lemma colouring_NTI:
  assumes "colouring N \<psi>" "colouring T \<chi>" "\<psi> o1 = \<chi> b1" "\<psi> o2 = \<chi> b2"
    and "q \<in> KK" "distinct [\<chi> c3, q, \<psi> r]"
  shows "colouring (NT N T o1 o2 r b1 b2 c3) ((case_ntend \<psi> \<chi> (\<chi> c3) q)(TE c3 := q))"
proof -
  note stages = NT_stages
  define \<phi> where "\<phi> = case_ntend \<psi> \<chi> (\<chi> c3) q"
  have "colouring (mp_sum N T) \<phi>"
    unfolding \<phi>_def using assms(1,2) by (rule colouring_mp_sumI)
  then have "colouring junction1 \<phi>"
    by (rule colouring_junctionI[rotated 2])
      (use assms(3) stages(3,4) in \<open>auto simp: \<phi>_def semiedges_def\<close>)
  then have "colouring junction2 \<phi>"
    by (rule colouring_junctionI[rotated 2])
      (use assms(4) stages(6,7) in \<open>auto simp: \<phi>_def semiedges_def\<close>)
  then have "colouring (subdiv_attach junction2 (TE c3) (NE r)) (\<phi>(Pn := \<phi> (TE c3), Qn := q, TE c3 := q))"
    using assms(5,6) by (intro colouring_subdiv_attachI[OF stages(9-15)]) (simp_all add: \<phi>_def)
  moreover have "\<phi>(Pn := \<phi> (TE c3), Qn := q, TE c3 := q) = \<phi>(TE c3 := q)"
    by (auto simp: \<phi>_def fun_eq_iff split: ntend.split)
  ultimately show ?thesis
    using stages(1) by (simp add: \<phi>_def)
qed

end

lemma negator_23pole_NT_hyps:
  assumes "is_negator N i1 i2 o1 o2 r" "is_23pole T b1 b2 c1 c2 c3"
  shows "mpole_wf N" "mpole_wf T" "{o1, o2, r} \<subseteq> semiedges N" "distinct [o1, o2, r]"
    "mate N o1 \<noteq> o2" "{b1, b2, c3} \<subseteq> semiedges T" "distinct [b1, b2, c3]"
  using is_negatorD[OF assms(1)] assms(2) by (auto simp: is_23pole_def)

lemma colouring_NT_constraints:
  assumes neg: "is_negator N i1 i2 o1 o2 r" and T: "proper_23pole T b1 b2 c1 c2 c3"
    and col: "colouring (NT N T o1 o2 r b1 b2 c3) \<phi>"
  shows "\<phi> (NE i1) = \<phi> (NE i2) \<and> \<phi> (TE c1) + \<phi> (TE c2) + \<phi> (TE c3) = 0"
proof -
  have T23: "is_23pole T b1 b2 c1 c2 c3"
    using T by (simp add: proper_23pole_def)
  obtain \<psi> \<chi> where \<psi>: "colouring N \<psi>" and \<chi>: "colouring T \<chi>"
    and junctions: "\<psi> o1 = \<chi> b1" "\<psi> o2 = \<chi> b2"
    and \<psi>_NE: "\<And>a. a \<notin> {o1, o2} \<Longrightarrow> \<psi> a = \<phi> (NE a)"
    and \<chi>_TE: "\<And>b. b \<notin> {b1, b2, c3} \<Longrightarrow> \<chi> b = \<phi> (TE b)"
    and vertex: "\<chi> c3 + \<phi> (TE c3) + \<psi> r = 0"
    using colouring_NTD[OF negator_23pole_NT_hyps[OF neg T23] col] by blast
  have "\<chi> b1 + \<chi> b2 \<noteq> 0"
    using T \<chi> by (simp add: proper_23pole_def)
  then have "\<psi> i1 = \<psi> i2"
    using colouring_negator_pair_eq[OF neg \<psi>] junctions by (auto simp: colour_add_eq_0_iff)
  have "\<psi> i1 + \<psi> i2 + \<psi> o1 + \<psi> o2 + \<psi> r = 0"
    using colouring_five_semiedges_sum[OF is_negatorD(1)[OF neg] \<psi> is_negatorD(2,3)[OF neg]] .
  moreover have "\<chi> b1 + \<chi> b2 + \<chi> c1 + \<chi> c2 + \<chi> c3 = 0"
    using colouring_five_semiedges_sum[OF _ \<chi>] T23 by (simp add: is_23pole_def)
  moreover have "\<chi> c1 + \<chi> c2 + \<phi> (TE c3) =
      (\<psi> i1 + \<psi> i2 + \<psi> o1 + \<psi> o2 + \<psi> r) + (\<chi> b1 + \<chi> b2 + \<chi> c1 + \<chi> c2 + \<chi> c3) +
      (\<chi> c3 + \<phi> (TE c3) + \<psi> r)"
    using \<open>\<psi> i1 = \<psi> i2\<close> junctions by (simp add: add_ac)
  ultimately have "\<chi> c1 + \<chi> c2 + \<phi> (TE c3) = 0"
    using vertex by simp
  then show ?thesis
    using \<open>\<psi> i1 = \<psi> i2\<close> \<psi>_NE \<chi>_TE is_negatorD(3)[OF neg] T23 by (auto simp: is_23pole_def)
qed

lemma colouring_NT_exists:
  assumes neg: "is_negator N i1 i2 o1 o2 r" and T23: "is_23pole T b1 b2 c1 c2 c3"
    and perfect: "perfect_negator N i1 i2 o1 o2 r" "perfect_23pole T b1 b2 c1 c2 c3"
    and colours: "x \<in> KK" "a \<in> KK" "b \<in> KK" "c \<in> KK" "a + b + c = 0"
  shows "\<exists>\<phi>. colouring (NT N T o1 o2 r b1 b2 c3) \<phi> \<and> \<phi> (NE i1) = x \<and> \<phi> (NE i2) = x \<and>
    \<phi> (TE c1) = a \<and> \<phi> (TE c2) = b \<and> \<phi> (TE c3) = c"
proof -
  obtain c' where c': "c' \<in> KK" "c' \<noteq> c"
    using KK_exists_other[OF colours(4)] by blast
  have cc': "c + c' \<in> KK" "distinct [c, c', c + c']"
    using KK_add_distinct[OF colours(4) c'(1)] c'(2) by auto
  have "(x, x, c, c', c + c') \<in> {(x, x, a, b, a + b) | x a b. x \<in> KK \<and> a \<in> KK \<and> b \<in> KK \<and> a \<noteq> b}"
    using colours(1,4) c' by blast
  then have "(x, x, c, c', c + c') \<in> {(\<psi> i1, \<psi> i2, \<psi> o1, \<psi> o2, \<psi> r) | \<psi>. colouring N \<psi>}"
    using perfect(1) unfolding perfect_negator_def by (simp only: Un_iff simp_thms)
  then obtain \<psi> where \<psi>: "colouring N \<psi>" "\<psi> i1 = x" "\<psi> i2 = x" "\<psi> o1 = c" "\<psi> o2 = c'" "\<psi> r = c + c'"
    by auto
  have "a + b = c"
    using colours(5) by (simp add: colour_add_eq_0_iff)
  then have "c + c' = a + b + c'" "c + c' \<noteq> 0"
    using cc'(1) by (simp_all add: KK_eq)
  then have "(c, c', a, b, c') \<in> {(x1, x2, y1, y2, y3) | x1 x2 y1 y2 y3.
      x1 \<in> KK \<and> x2 \<in> KK \<and> y1 \<in> KK \<and> y2 \<in> KK \<and> y3 \<in> KK \<and> x1 + x2 = y1 + y2 + y3 \<and> x1 + x2 \<noteq> 0}"
    using colours(2-4) c'(1) by blast
  then have "(c, c', a, b, c') \<in> {(\<chi> b1, \<chi> b2, \<chi> c1, \<chi> c2, \<chi> c3) | \<chi>. colouring T \<chi>}"
    using perfect(2) unfolding perfect_23pole_def by (simp only:)
  then obtain \<chi> where \<chi>: "colouring T \<chi>" "\<chi> b1 = c" "\<chi> b2 = c'" "\<chi> c1 = a" "\<chi> c2 = b" "\<chi> c3 = c'"
    by auto
  have "colouring (NT N T o1 o2 r b1 b2 c3) ((case_ntend \<psi> \<chi> (\<chi> c3) c)(TE c3 := c))"
    using \<psi> \<chi> colours(4) cc'(2) by (intro colouring_NTI[OF negator_23pole_NT_hyps[OF neg T23]]) auto
  then show ?thesis
    using \<psi> \<chi> T23 by (auto simp: is_23pole_def)
qed

theorem mainTheorem4:
  fixes N :: "('a,'u) mpole" and T :: "('b,'x) mpole"
    and i1 i2 o1 o2 r :: 'a and b1 b2 c1 c2 c3 :: 'b
  assumes "is_negator N i1 i2 o1 o2 r"
    and "proper_23pole T b1 b2 c1 c2 c3"
  shows "(\<forall>\<phi>. colouring (NT N T o1 o2 r b1 b2 c3) \<phi> \<longrightarrow>
            \<phi> (NE i1) = \<phi> (NE i2) \<and> \<phi> (TE c1) + \<phi> (TE c2) + \<phi> (TE c3) = 0)
       \<and> (perfect_negator N i1 i2 o1 o2 r \<and> perfect_23pole T b1 b2 c1 c2 c3 \<longrightarrow>
            (\<forall>x\<in>KK. \<forall>a\<in>KK. \<forall>b\<in>KK. \<forall>c\<in>KK. a + b + c = 0 \<longrightarrow>
              (\<exists>\<phi>. colouring (NT N T o1 o2 r b1 b2 c3) \<phi> \<and>
                 \<phi> (NE i1) = x \<and> \<phi> (NE i2) = x \<and>
                 \<phi> (TE c1) = a \<and> \<phi> (TE c2) = b \<and> \<phi> (TE c3) = c)))"
proof -
  have "is_23pole T b1 b2 c1 c2 c3"
    using assms(2) by (simp add: proper_23pole_def)
  show ?thesis
  proof (intro conjI allI impI ballI)
    fix \<phi> assume "colouring (NT N T o1 o2 r b1 b2 c3) \<phi>"
    then show "\<phi> (NE i1) = \<phi> (NE i2)" "\<phi> (TE c1) + \<phi> (TE c2) + \<phi> (TE c3) = 0"
      using colouring_NT_constraints[OF assms] by blast+
  qed (use colouring_NT_exists[OF assms(1) \<open>is_23pole T b1 b2 c1 c2 c3\<close>] in blast)
qed

end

----------------------------------------

_Problem requirements_
From the listing above, copy every line that holds the string "vertex".

_Problem solution_
    and vertex: "\<chi> c3 + \<phi> (TE c3) + \<psi> r = 0"
    using vertex by simp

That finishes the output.